■ Exercise ■
Quote the whole listing verbatim.
[Information shown]
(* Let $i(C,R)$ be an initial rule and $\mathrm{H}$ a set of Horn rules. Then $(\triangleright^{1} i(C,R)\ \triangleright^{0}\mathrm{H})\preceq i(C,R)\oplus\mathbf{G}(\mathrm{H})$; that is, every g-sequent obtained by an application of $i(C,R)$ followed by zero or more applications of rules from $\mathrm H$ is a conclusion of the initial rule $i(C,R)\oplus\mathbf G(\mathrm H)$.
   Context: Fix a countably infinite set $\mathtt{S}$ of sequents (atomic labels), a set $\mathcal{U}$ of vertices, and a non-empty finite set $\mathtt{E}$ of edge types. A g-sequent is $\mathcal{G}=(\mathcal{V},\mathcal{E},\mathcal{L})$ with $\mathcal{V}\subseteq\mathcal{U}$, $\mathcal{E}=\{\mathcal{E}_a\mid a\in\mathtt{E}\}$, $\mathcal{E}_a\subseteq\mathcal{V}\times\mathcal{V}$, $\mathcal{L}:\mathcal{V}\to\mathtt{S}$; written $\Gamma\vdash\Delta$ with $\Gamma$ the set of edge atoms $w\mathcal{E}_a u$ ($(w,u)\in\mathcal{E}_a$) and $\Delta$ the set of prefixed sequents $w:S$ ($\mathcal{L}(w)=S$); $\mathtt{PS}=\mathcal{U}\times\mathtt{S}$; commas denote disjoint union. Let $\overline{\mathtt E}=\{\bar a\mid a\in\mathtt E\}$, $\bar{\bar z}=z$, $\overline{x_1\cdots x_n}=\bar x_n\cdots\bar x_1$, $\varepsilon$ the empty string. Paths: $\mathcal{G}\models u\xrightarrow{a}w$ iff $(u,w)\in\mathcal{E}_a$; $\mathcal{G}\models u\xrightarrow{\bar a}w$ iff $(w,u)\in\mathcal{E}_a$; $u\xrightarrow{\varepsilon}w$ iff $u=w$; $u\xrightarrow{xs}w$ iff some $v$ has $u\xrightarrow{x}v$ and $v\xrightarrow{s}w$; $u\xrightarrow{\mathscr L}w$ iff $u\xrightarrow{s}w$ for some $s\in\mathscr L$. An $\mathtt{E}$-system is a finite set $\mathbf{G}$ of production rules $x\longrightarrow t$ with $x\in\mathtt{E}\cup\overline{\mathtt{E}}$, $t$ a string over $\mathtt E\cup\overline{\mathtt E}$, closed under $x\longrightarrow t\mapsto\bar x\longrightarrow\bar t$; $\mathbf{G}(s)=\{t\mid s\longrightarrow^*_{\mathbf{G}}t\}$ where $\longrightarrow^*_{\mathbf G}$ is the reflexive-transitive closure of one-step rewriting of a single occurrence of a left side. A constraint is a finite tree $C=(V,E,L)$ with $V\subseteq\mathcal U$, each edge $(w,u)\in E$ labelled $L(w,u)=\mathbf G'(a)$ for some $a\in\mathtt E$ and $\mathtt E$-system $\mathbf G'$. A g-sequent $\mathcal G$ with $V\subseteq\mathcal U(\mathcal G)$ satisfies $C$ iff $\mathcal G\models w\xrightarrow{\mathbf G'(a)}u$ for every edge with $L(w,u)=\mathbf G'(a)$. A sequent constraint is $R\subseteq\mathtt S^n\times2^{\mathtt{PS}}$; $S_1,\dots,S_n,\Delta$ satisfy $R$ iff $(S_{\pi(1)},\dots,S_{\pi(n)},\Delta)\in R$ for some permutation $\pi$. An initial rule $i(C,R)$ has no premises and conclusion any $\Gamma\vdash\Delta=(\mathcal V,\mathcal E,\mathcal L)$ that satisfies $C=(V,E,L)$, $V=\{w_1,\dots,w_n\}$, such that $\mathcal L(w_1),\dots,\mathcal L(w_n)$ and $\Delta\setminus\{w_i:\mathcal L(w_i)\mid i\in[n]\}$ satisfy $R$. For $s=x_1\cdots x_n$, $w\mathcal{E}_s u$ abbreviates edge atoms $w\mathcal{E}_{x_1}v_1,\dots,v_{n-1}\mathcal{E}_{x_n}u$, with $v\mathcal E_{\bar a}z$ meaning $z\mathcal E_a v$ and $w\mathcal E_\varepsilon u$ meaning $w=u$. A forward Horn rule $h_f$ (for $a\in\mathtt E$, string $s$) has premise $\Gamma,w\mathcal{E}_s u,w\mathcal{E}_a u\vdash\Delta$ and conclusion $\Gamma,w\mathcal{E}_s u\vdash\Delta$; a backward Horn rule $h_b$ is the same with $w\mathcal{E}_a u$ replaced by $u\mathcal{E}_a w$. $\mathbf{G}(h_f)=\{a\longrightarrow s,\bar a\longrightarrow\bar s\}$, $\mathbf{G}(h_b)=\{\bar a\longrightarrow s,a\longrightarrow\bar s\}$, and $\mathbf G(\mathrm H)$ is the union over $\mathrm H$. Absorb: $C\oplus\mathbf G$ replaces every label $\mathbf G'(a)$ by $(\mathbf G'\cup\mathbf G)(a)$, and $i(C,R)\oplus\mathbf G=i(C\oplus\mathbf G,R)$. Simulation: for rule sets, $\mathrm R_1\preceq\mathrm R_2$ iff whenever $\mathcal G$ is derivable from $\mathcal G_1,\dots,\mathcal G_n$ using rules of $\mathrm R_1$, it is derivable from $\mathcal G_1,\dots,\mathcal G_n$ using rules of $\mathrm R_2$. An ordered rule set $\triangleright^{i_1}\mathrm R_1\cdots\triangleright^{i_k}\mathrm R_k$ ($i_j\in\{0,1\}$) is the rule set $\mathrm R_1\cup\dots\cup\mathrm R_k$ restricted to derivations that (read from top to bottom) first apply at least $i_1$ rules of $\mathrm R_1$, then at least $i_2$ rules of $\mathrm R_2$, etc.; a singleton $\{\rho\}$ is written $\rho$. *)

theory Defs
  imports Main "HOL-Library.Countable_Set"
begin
[/Information shown]
■ Solution below ■
(* Let $i(C,R)$ be an initial rule and $\mathrm{H}$ a set of Horn rules. Then $(\triangleright^{1} i(C,R)\ \triangleright^{0}\mathrm{H})\preceq i(C,R)\oplus\mathbf{G}(\mathrm{H})$; that is, every g-sequent obtained by an application of $i(C,R)$ followed by zero or more applications of rules from $\mathrm H$ is a conclusion of the initial rule $i(C,R)\oplus\mathbf G(\mathrm H)$.
   Context: Fix a countably infinite set $\mathtt{S}$ of sequents (atomic labels), a set $\mathcal{U}$ of vertices, and a non-empty finite set $\mathtt{E}$ of edge types. A g-sequent is $\mathcal{G}=(\mathcal{V},\mathcal{E},\mathcal{L})$ with $\mathcal{V}\subseteq\mathcal{U}$, $\mathcal{E}=\{\mathcal{E}_a\mid a\in\mathtt{E}\}$, $\mathcal{E}_a\subseteq\mathcal{V}\times\mathcal{V}$, $\mathcal{L}:\mathcal{V}\to\mathtt{S}$; written $\Gamma\vdash\Delta$ with $\Gamma$ the set of edge atoms $w\mathcal{E}_a u$ ($(w,u)\in\mathcal{E}_a$) and $\Delta$ the set of prefixed sequents $w:S$ ($\mathcal{L}(w)=S$); $\mathtt{PS}=\mathcal{U}\times\mathtt{S}$; commas denote disjoint union. Let $\overline{\mathtt E}=\{\bar a\mid a\in\mathtt E\}$, $\bar{\bar z}=z$, $\overline{x_1\cdots x_n}=\bar x_n\cdots\bar x_1$, $\varepsilon$ the empty string. Paths: $\mathcal{G}\models u\xrightarrow{a}w$ iff $(u,w)\in\mathcal{E}_a$; $\mathcal{G}\models u\xrightarrow{\bar a}w$ iff $(w,u)\in\mathcal{E}_a$; $u\xrightarrow{\varepsilon}w$ iff $u=w$; $u\xrightarrow{xs}w$ iff some $v$ has $u\xrightarrow{x}v$ and $v\xrightarrow{s}w$; $u\xrightarrow{\mathscr L}w$ iff $u\xrightarrow{s}w$ for some $s\in\mathscr L$. An $\mathtt{E}$-system is a finite set $\mathbf{G}$ of production rules $x\longrightarrow t$ with $x\in\mathtt{E}\cup\overline{\mathtt{E}}$, $t$ a string over $\mathtt E\cup\overline{\mathtt E}$, closed under $x\longrightarrow t\mapsto\bar x\longrightarrow\bar t$; $\mathbf{G}(s)=\{t\mid s\longrightarrow^*_{\mathbf{G}}t\}$ where $\longrightarrow^*_{\mathbf G}$ is the reflexive-transitive closure of one-step rewriting of a single occurrence of a left side. A constraint is a finite tree $C=(V,E,L)$ with $V\subseteq\mathcal U$, each edge $(w,u)\in E$ labelled $L(w,u)=\mathbf G'(a)$ for some $a\in\mathtt E$ and $\mathtt E$-system $\mathbf G'$. A g-sequent $\mathcal G$ with $V\subseteq\mathcal U(\mathcal G)$ satisfies $C$ iff $\mathcal G\models w\xrightarrow{\mathbf G'(a)}u$ for every edge with $L(w,u)=\mathbf G'(a)$. A sequent constraint is $R\subseteq\mathtt S^n\times2^{\mathtt{PS}}$; $S_1,\dots,S_n,\Delta$ satisfy $R$ iff $(S_{\pi(1)},\dots,S_{\pi(n)},\Delta)\in R$ for some permutation $\pi$. An initial rule $i(C,R)$ has no premises and conclusion any $\Gamma\vdash\Delta=(\mathcal V,\mathcal E,\mathcal L)$ that satisfies $C=(V,E,L)$, $V=\{w_1,\dots,w_n\}$, such that $\mathcal L(w_1),\dots,\mathcal L(w_n)$ and $\Delta\setminus\{w_i:\mathcal L(w_i)\mid i\in[n]\}$ satisfy $R$. For $s=x_1\cdots x_n$, $w\mathcal{E}_s u$ abbreviates edge atoms $w\mathcal{E}_{x_1}v_1,\dots,v_{n-1}\mathcal{E}_{x_n}u$, with $v\mathcal E_{\bar a}z$ meaning $z\mathcal E_a v$ and $w\mathcal E_\varepsilon u$ meaning $w=u$. A forward Horn rule $h_f$ (for $a\in\mathtt E$, string $s$) has premise $\Gamma,w\mathcal{E}_s u,w\mathcal{E}_a u\vdash\Delta$ and conclusion $\Gamma,w\mathcal{E}_s u\vdash\Delta$; a backward Horn rule $h_b$ is the same with $w\mathcal{E}_a u$ replaced by $u\mathcal{E}_a w$. $\mathbf{G}(h_f)=\{a\longrightarrow s,\bar a\longrightarrow\bar s\}$, $\mathbf{G}(h_b)=\{\bar a\longrightarrow s,a\longrightarrow\bar s\}$, and $\mathbf G(\mathrm H)$ is the union over $\mathrm H$. Absorb: $C\oplus\mathbf G$ replaces every label $\mathbf G'(a)$ by $(\mathbf G'\cup\mathbf G)(a)$, and $i(C,R)\oplus\mathbf G=i(C\oplus\mathbf G,R)$. Simulation: for rule sets, $\mathrm R_1\preceq\mathrm R_2$ iff whenever $\mathcal G$ is derivable from $\mathcal G_1,\dots,\mathcal G_n$ using rules of $\mathrm R_1$, it is derivable from $\mathcal G_1,\dots,\mathcal G_n$ using rules of $\mathrm R_2$. An ordered rule set $\triangleright^{i_1}\mathrm R_1\cdots\triangleright^{i_k}\mathrm R_k$ ($i_j\in\{0,1\}$) is the rule set $\mathrm R_1\cup\dots\cup\mathrm R_k$ restricted to derivations that (read from top to bottom) first apply at least $i_1$ rules of $\mathrm R_1$, then at least $i_2$ rules of $\mathrm R_2$, etc.; a singleton $\{\rho\}$ is written $\rho$. *)

theory Defs
  imports Main "HOL-Library.Countable_Set"
begin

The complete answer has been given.